“John McArdle of the Black Triangle Campaign told conference that there would be no economic necessity for the Government to introduce devastating cuts to the welfare state if it collected taxes owed by rich individuals and large companies, an amount which he said was worth £120 billion.”

Delegates at the TUC’s 2011 disability conference vow to fight the “vicious” and “savage” Government cuts hurting disabled people. Sunil Peck reports

Kay

The TUC’s assistant general secretary and Equality and Human Rights commission­er Kay Carberry

As might be expec­ted, trade unionists and other activists at the TUC’s annual disability conference in London queued up to lay into the “inhumane” medical assessments being carried out by the company Atos Healthcare.

They also lambasted the coalition Government for abolishing Disability Living Allowance (DLA) and cutting the Access to Work budget .

And delegates pledged solidarity with grassroots organisations like the Scottish welfare and benefit rights group Black Triangle and vowed to build on the alliances forged during the TUC’s march against the cuts and The Hardest Hit demo.

“It’s something a lot of us have been hoping would happen for years,” said Sean McGovern, Chair of the TUC’s disability committee when he spoke to Disability Now after the conference. “It’s about strength in numbers.”

Opening the event, the TUC’s assistant general secretary and Equality and Human Rights commission­er Kay Carberry (pictured) described the situation facing disabled people as a “moral outrage”.

She said: “It’s plain wrong that disabled people, their families and carers are suffering the worst consequences of a crisis that has nothing to do with them. The contrast couldn’t be starker: massive cuts for disabled people and massive bonuses for the bankers who caused this mess.”

Some delegates expressed hostility for Labour for its failure to stand up and defend disabled people. In spite of that, the disabled MP Anne Begg received a polite reception.

She told delegates that the coalition Government had succeeded in turning the arguments for greater equality against disabled people. “We said we wanted the right to work and the Govern­ment has said fine, we’ll declare you all fully fit to work. Large numbers of people who could work but need support are being declared fully fit to work, end up on Jobseeker’s Allow­ance and don’t get the specialist support they need.”

Saraka Keating from the Chartered Society of Physiotherapy went on to explain to conference that employers were increasingly prepared to ignore their obligations to make reasonable adjustments.

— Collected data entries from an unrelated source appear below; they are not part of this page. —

lemma rat_pow_add:
  assumes ud: "uniquely_divisible G" and x: "x \<in> carrier G"
  shows "rat_pow G (p + q) x = rat_pow G p x \<otimes> rat_pow G q x"
proof -
  obtain a1 b1 where p: "b1 > 0" "p = of_int a1 / of_int b1" by (rule rat_as_fraction)
  obtain a2 b2 where q: "b2 > 0" "q = of_int a2 / of_int b2" by (rule rat_as_fraction)
  define y z where "y = rat_pow G p x" and "z = rat_pow G q x"
  note y = rat_pow_closed_power[OF ud x p, folded y_def]
  note z = rat_pow_closed_power[OF ud x q, folded z_def]
  have "(y \<otimes> z) [^] (b1 * b2) = (y [^] b1) [^] b2 \<otimes> (z [^] b2) [^] b1"
    using y(1) z(1) by (simp add: int_pow_distrib int_pow_pow mult.commute)
  also have "\<dots> = x [^] (a1 * b2 + a2 * b1)"
    using y(2) z(2) x by (simp add: int_pow_pow int_pow_mult)
  finally have "(y \<otimes> z) [^] (b1 * b2) = x [^] (a1 * b2 + a2 * b1)" .
  moreover have "p + q = of_int (a1 * b2 + a2 * b1) / of_int (b1 * b2)" using p q by (simp add: field_simps)
  ultimately show ?thesis using y z p q unfolding y_def z_def by (intro rat_pow_unique[OF ud x]) simp_all
qed

lemma rat_pow_mult:
  assumes ud: "uniquely_divisible G" and x: "x \<in> carrier G"
  shows "rat_pow G (p * q) x = rat_pow G p (rat_pow G q x)"
proof -
  obtain a1 b1 where p: "b1 > 0" "p = of_int a1 / of_int b1" by (rule rat_as_fraction)
  obtain a2 b2 where q: "b2 > 0" "q = of_int a2 / of_int b2" by (rule rat_as_fraction)
  define y where "y = rat_pow G q x"
  define z where "z = rat_pow G p y"
  note y = rat_pow_closed_power[OF ud x q, folded y_def]
  note z = rat_pow_closed_power[OF ud y(1) p, folded z_def]
  have "z [^] (b1 * b2) = (z [^] b1) [^] b2" using z(1) by (simp add: int_pow_pow)
  also have "\<dots> = (y [^] b2) [^] a1" using z(2) int_pow_pow_swap[OF y(1)] by simp
  also have "\<dots> = x [^] (a1 * a2)" using x y(2) by (simp add: int_pow_pow mult.commute)
  finally show ?thesis using z p q unfolding y_def z_def by (intro rat_pow_unique[OF ud x]) simp_all
qed

lemma rat_pow_distrib:
  assumes ud: "uniquely_divisible G" and x: "x \<in> carrier G" and y: "y \<in> carrier G"
  shows "rat_pow G q (x \<otimes> y) = rat_pow G q x \<otimes> rat_pow G q y"
proof -
  obtain a b where q: "b > 0" "q = of_int a / of_int b" by (rule rat_as_fraction)
  note x' = rat_pow_closed_power[OF ud x q] and y' = rat_pow_closed_power[OF ud y q]
  have "(rat_pow G q x \<otimes> rat_pow G q y) [^] b = (x \<otimes> y) [^] a"
    using x y x' y' by (simp add: int_pow_distrib)
  then show ?thesis using x y x' y' q by (intro rat_pow_unique[OF ud]) simp_all
qed
lemma mstar_chain:
  "ps \<noteq> [] \<Longrightarrow> m1 \<in> states \<Longrightarrow>
    mstar \<sigma>S n M ps [] m1 j = (\<Sum>ms\<in>state_lists n (length ps - 1). chain_prod ps (m1 # ms @ [j]) (length ps))"
proof (induction ps arbitrary: m1)
  case (Cons p ps')
  show ?case
  proof (cases "ps' = []")
    case True
    then show ?thesis by (simp add: chain_prod_def)
  next
    case False
    have "mstar \<sigma>S n M (p # ps') [] m1 j = (\<Sum>m2\<in>states. mstar \<sigma>S n M [p] [] m1 m2 * mstar \<sigma>S n M ps' [] m2 j)"
      by (rule mstar_Cons[OF Cons.prems(2)])
    also have "\<dots> = (\<Sum>m2\<in>states. \<Sum>ms\<in>state_lists n (length ps' - 1).
        chain_prod (p # ps') (m1 # m2 # ms @ [j]) (Suc (length ps')))"
      using Cons.IH[OF False] by (simp add: sum_distrib_left chain_prod_Cons)
    also have "\<dots> = (\<Sum>ms\<in>state_lists n (length (p # ps') - 1). chain_prod (p # ps') (m1 # ms @ [j]) (length (p # ps')))"
      using False by (cases ps') (simp_all add: sum_state_lists_Suc)
    finally show ?thesis .
  qed
qed simp

lemma sum_mult_mstar:
  assumes "j \<in> states"
  shows "(\<Sum>m\<in>states. M [p] ps i m * mstar \<sigma>S n M ps [] m j) =
     (\<Sum>ms\<in>state_lists n (length ps). M [p] ps i ((ms @ [j]) ! 0) * chain_prod ps (ms @ [j]) (length ps))"
proof (cases ps)
  case Nil
  have "(\<Sum>m\<in>states. M [p] [] i m * mstar \<sigma>S n M [] [] m j) = (\<Sum>m\<in>states. if m = j then M [p] [] i m else 0)"
    by (rule sum.cong) (auto simp: mstar_Nil)
  then show ?thesis using Nil assms by (simp add: sum.delta')
next
  case (Cons a ps')
  then show ?thesis by (simp add: sum_state_lists_Suc mstar_chain sum_distrib_left)
qed

lemma momega_chain:
  "ps \<noteq> [] \<Longrightarrow> m1 \<in> states \<Longrightarrow> momega \<sigma>V iprod n l M ps m1 =
     (\<Sum>j<length ps. \<Sum>ms\<in>state_lists n j.
        act (chain_prod ps (m1 # ms) j) (momega \<sigma>V iprod n l M [ps ! j] ((m1 # ms) ! j)))"
proof (induction ps arbitrary: m1)
  case (Cons p ps')
  show ?case
  proof (cases "ps' = []")
    case True
    then show ?thesis by simp
  next
    case False
    let ?G = "\<lambda>j. \<Sum>ms\<in>state_lists n j. act (chain_prod (p # ps') (m1 # ms) j)
      (momega \<sigma>V iprod n l M [(p # ps') ! j] ((m1 # ms) ! j))"
    have "(\<Sum>m2\<in>states. act (mstar \<sigma>S n M [p] [] m1 m2) (momega \<sigma>V iprod n l M ps' m2)) =
        (\<Sum>m2\<in>states. \<Sum>j<length ps'. \<Sum>ms\<in>state_lists n j.
          act (chain_prod (p # ps') (m1 # m2 # ms) (Suc j)) (momega \<sigma>V iprod n l M [ps' ! j] ((m2 # ms) ! j)))"
      by (intro sum.cong refl) (simp add: Cons.IH[OF False] act_sum act_mult chain_prod_Cons)
    also have "\<dots> = (\<Sum>j<length ps'. ?G (Suc j))"
      by (subst sum.swap) (simp add: sum_state_lists_Suc)
    finally have tail: "(\<Sum>m2\<in>states. act (mstar \<sigma>S n M [p] [] m1 m2) (momega \<sigma>V iprod n l M ps' m2)) =
      (\<Sum>j<length ps'. ?G (Suc j))" .
    have head: "momega \<sigma>V iprod n l M [p] m1 = ?G 0" by simp
    show ?thesis
      unfolding momega_Cons[OF Cons.prems(2), where p = p and r = ps'] tail head length_Cons sum.lessThan_Suc_shift ..
  qed
qed simp

lemma sum_act_momega:
  assumes "ps \<noteq> []"
  shows "(\<Sum>m\<in>states. act (M [p] ps i m) (momega \<sigma>V iprod n l M ps m)) =
     (\<Sum>j<length ps. \<Sum>ms\<in>state_lists n (Suc j).
        act (M [p] ps i (ms ! 0) * chain_prod ps ms j) (momega \<sigma>V iprod n l M [ps ! j] (ms ! j)))"
proof -
  have "(\<Sum>m\<in>states. act (M [p] ps i m) (momega \<sigma>V iprod n l M ps m)) =
     (\<Sum>m\<in>states. \<Sum>j<length ps. \<Sum>ms\<in>state_lists n j.
        act (M [p] ps i m * chain_prod ps (m # ms) j) (momega \<sigma>V iprod n l M [ps ! j] ((m # ms) ! j)))"
    using assms by (intro sum.cong refl) (simp add: momega_chain act_sum act_mult)
  also have "\<dots> = (\<Sum>j<length ps. \<Sum>ms\<in>state_lists n (Suc j).
        act (M [p] ps i (ms ! 0) * chain_prod ps ms j) (momega \<sigma>V iprod n l M [ps ! j] (ms ! j)))"
    by (subst sum.swap) (simp add: sum_state_lists_Suc)
  finally show ?thesis .
qed

lemma mstar_equation:
  assumes "i \<in> states" "j \<in> states"
  shows "mstar \<sigma>S n M [p] [] i j =
    gsum \<sigma>S enc_cnt
      (\<lambda>k. \<Sum>ps\<in>{ps. length ps = k}. \<Sum>ms\<in>{ms. length ms = k \<and> set ms \<subseteq> {1..n}}.
         M [p] ps i ((ms @ [j]) ! 0) *
         prod_list (map (\<lambda>t. mstar \<sigma>S n M [ps ! t] [] (ms ! t) ((ms @ [j]) ! Suc t)) [0..<k]))
      UNIV"
proof -
  have chain: "chain_prod ps (ms @ [j]) k =
      prod_list (map (\<lambda>t. mstar \<sigma>S n M [ps ! t] [] (ms ! t) ((ms @ [j]) ! Suc t)) [0..<k])"
    if "length ms = k" for ps ms k
    unfolding chain_prod_def using that by (intro arg_cong[where f = prod_list] map_cong) (auto simp: nth_append)
  have "mstar \<sigma>S n M [p] [] i j =
      gsum \<sigma>S enc_cnt (\<lambda>k. \<Sum>ps\<in>{ps. length ps = k}. \<Sum>m\<in>states. M [p] ps i m * mstar \<sigma>S n M ps [] m j) UNIV"
    by (subst mstar_unfold) (simp_all add: S.gsum_lists_by_length)
  also have "\<dots> = gsum \<sigma>S enc_cnt
      (\<lambda>k. \<Sum>ps\<in>{ps. length ps = k}. \<Sum>ms\<in>{ms. length ms = k \<and> set ms \<subseteq> {1..n}}.
         M [p] ps i ((ms @ [j]) ! 0) *
         prod_list (map (\<lambda>t. mstar \<sigma>S n M [ps ! t] [] (ms ! t) ((ms @ [j]) ! Suc t)) [0..<k]))
      UNIV"
  proof (rule S.gsum_cong, rule sum.cong[OF refl])
    fix k ps assume "ps \<in> {ps :: 'g list. length ps = k}"
    then show "(\<Sum>m\<in>states. M [p] ps i m * mstar \<sigma>S n M ps [] m j) =
      (\<Sum>ms\<in>{ms. length ms = k \<and> set ms \<subseteq> {1..n}}. M [p] ps i ((ms @ [j]) ! 0) *
         prod_list (map (\<lambda>t. mstar \<sigma>S n M [ps ! t] [] (ms ! t) ((ms @ [j]) ! Suc t)) [0..<k]))"
      using sum_mult_mstar[OF assms(2), of p ps i] unfolding state_lists_def
      by (auto simp: chain intro!: sum.cong)
  qed
  finally show ?thesis .
qed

“A disabled physiotherapist was transferred and the new employer refused to allow his guide dog on the premises. When the member pointed out that he was also a patient at the hospital and asked if they would also ban the dog when he presented at the hospital, they said no. They then added that if he couldn’t adapt to these new terms they would sack him.”

Mandy Hudson from the National Union of Teachers said she saw no need for any cuts to public sector services.

“These cuts take us back to the 19th century, when it was left to individual parishes to shunt disabled people from one place to another, and the creation of the deserving and undeserv­ing poor which many of us resent very strongly.”

Another delegate who has vertigo, hypertension and depression said that she used to use Disability Living Allowance to pay for someone to accompany her from the front door of her flat and along a walkway to the lift to the ground floor. She said that she had lost her DLA after a review in October and now found it hard to leave home.

John McArdle of the Black Triangle Campaign told conference that there would be no economic necessity for the Government to introduce devastating cuts to the welfare state if it collected taxes owed by rich individuals and large companies, an amount which he said was worth £120 billion.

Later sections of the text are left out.